**INSTRUCTIONS FOR THE TASK**
Which lines belong in the answer? Exactly those from the line containing "using valid t" through the last line of the records below, repeated as written.

**DATA IN THIS EXERCISE**
lemma card_positive_le_sum:
  "finite J \<Longrightarrow> card {j\<in>J. 0 < g j} \<le> (\<Sum>j\<in>J. g j)" for g :: "'a \<Rightarrow> nat"
proof -
  assume fin: "finite J"
  have "card {j\<in>J. 0 < g j} = (\<Sum>j\<in>{j\<in>J. 0 < g j}. 1)" by simp
  also have "\<dots> \<le> (\<Sum>j\<in>{j\<in>J. 0 < g j}. g j)" by (rule sum_mono) auto
  also have "\<dots> \<le> (\<Sum>j\<in>J. g j)" by (rule sum_mono2) (use fin in auto)
  finally show ?thesis .
qed

definition fixed_cost :: "nat \<Rightarrow> (nat \<Rightarrow> real) \<Rightarrow> nat \<Rightarrow> (nat \<Rightarrow> nat \<Rightarrow> nat \<Rightarrow> nat) \<Rightarrow> nat \<Rightarrow> real" where
  "fixed_cost K f n m t = (\<Sum>k=0..K. f k * (if (\<Sum>i=1..n. m k t i) > 0 then 1 else 0))"

definition variable_cost :: "nat \<Rightarrow> fulfil_inst \<Rightarrow> (nat \<Rightarrow> nat \<Rightarrow> nat \<Rightarrow> nat) \<Rightarrow> nat \<Rightarrow> real" where
  "variable_cost K I m t = (\<Sum>k=0..K. \<Sum>i=1..n_items I. vcost I k t i * real (m k t i))"

lemma plan_cost_eq_sum_fixed_variable:
  "plan_cost K f I m = (\<Sum>t=1..horizon I. fixed_cost K f (n_items I) m t + variable_cost K I m t)"
  unfolding plan_cost_def fixed_cost_def variable_cost_def by (simp add: sum.distrib)

lemma fixed_cost_eq_sum_opened:
  "fixed_cost K f n m t = (\<Sum>j\<in>{j\<in>{0..K}. 0 < (\<Sum>i=1..n. m j t i)}. f j)"
proof -
  have "fixed_cost K f n m t = (\<Sum>j=0..K. if 0 < (\<Sum>i=1..n. m j t i) then f j else 0)"
    unfolding fixed_cost_def by (intro sum.cong) auto
  also have "\<dots> = (\<Sum>j\<in>{j\<in>{0..K}. 0 < (\<Sum>i=1..n. m j t i)}. f j)"
    by (rule sum.inter_filter[symmetric]) simp
  finally show ?thesis .
qed

lemma fixed_cost_nonneg: "\<forall>k\<le>K. 0 \<le> f k \<Longrightarrow> 0 \<le> fixed_cost K f n m t"
  unfolding fixed_cost_eq_sum_opened by (intro sum_nonneg) auto

lemma fixed_cost_ge_opened:
  assumes "\<forall>k\<le>K. 0 \<le> f k" and "j \<le> K" and "0 < (\<Sum>i=1..n. m j t i)"
  shows "f j \<le> fixed_cost K f n m t"
  unfolding fixed_cost_eq_sum_opened using assms by (intro member_le_sum) auto

lemma variable_cost_bounds:
  assumes valid: "valid_instance K a b I" and t: "t \<in> {1..horizon I}"
    and serves: "\<forall>i\<in>{1..n_items I}. (\<Sum>k=0..K. m k t i) = order I t i"
  shows "a * real (\<Sum>i=1..n_items I. order I t i) \<le> variable_cost K I m t"
    and "variable_cost K I m t \<le> b * real (\<Sum>i=1..n_items I. order I t i)"
proof -
  have cost: "a \<le> vcost I k t i \<and> vcost I k t i \<le> b" if "k \<in> {0..K}" "i \<in> {1..n_items I}" for k i
    using valid t that unfolding valid_instance_def by auto
  have flat: "(\<Sum>k=0..K. \<Sum>i=1..n_items I. c * real (m k t i))
      = c * real (\<Sum>i=1..n_items I. order I t i)" for c
  proof -
    have "(\<Sum>k=0..K. \<Sum>i=1..n_items I. c * real (m k t i))
        = c * (\<Sum>i=1..n_items I. real (\<Sum>k=0..K. m k t i))"
      by (simp add: sum_distrib_left sum.swap[of _ "{0..K}"])
    then show ?thesis using serves by simp
  qed
  have "(\<Sum>k=0..K. \<Sum>i=1..n_items I. a * real (m k t i)) \<le> variable_cost K I m t"
    unfolding variable_cost_def by (intro sum_mono mult_right_mono) (use cost in auto)
  then show "a * real (\<Sum>i=1..n_items I. order I t i) \<le> variable_cost K I m t"
    by (simp only: flat)
  have "variable_cost K I m t \<le> (\<Sum>k=0..K. \<Sum>i=1..n_items I. b * real (m k t i))"
    unfolding variable_cost_def by (intro sum_mono mult_right_mono) (use cost in auto)
  then show "variable_cost K I m t \<le> b * real (\<Sum>i=1..n_items I. order I t i)"
    by (simp only: flat)
qed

**TASK OUTPUT**
    using valid t that unfolding valid_instance_def by auto
  have flat: "(\<Sum>k=0..K. \<Sum>i=1..n_items I. c * real (m k t i))
      = c * real (\<Sum>i=1..n_items I. order I t i)" for c
  proof -
    have "(\<Sum>k=0..K. \<Sum>i=1..n_items I. c * real (m k t i))
        = c * (\<Sum>i=1..n_items I. real (\<Sum>k=0..K. m k t i))"
      by (simp add: sum_distrib_left sum.swap[of _ "{0..K}"])
    then show ?thesis using serves by simp
  qed
  have "(\<Sum>k=0..K. \<Sum>i=1..n_items I. a * real (m k t i)) \<le> variable_cost K I m t"
    unfolding variable_cost_def by (intro sum_mono mult_right_mono) (use cost in auto)
  then show "a * real (\<Sum>i=1..n_items I. order I t i) \<le> variable_cost K I m t"
    by (simp only: flat)
  have "variable_cost K I m t \<le> (\<Sum>k=0..K. \<Sum>i=1..n_items I. b * real (m k t i))"
    unfolding variable_cost_def by (intro sum_mono mult_right_mono) (use cost in auto)
  then show "variable_cost K I m t \<le> b * real (\<Sum>i=1..n_items I. order I t i)"
    by (simp only: flat)
qed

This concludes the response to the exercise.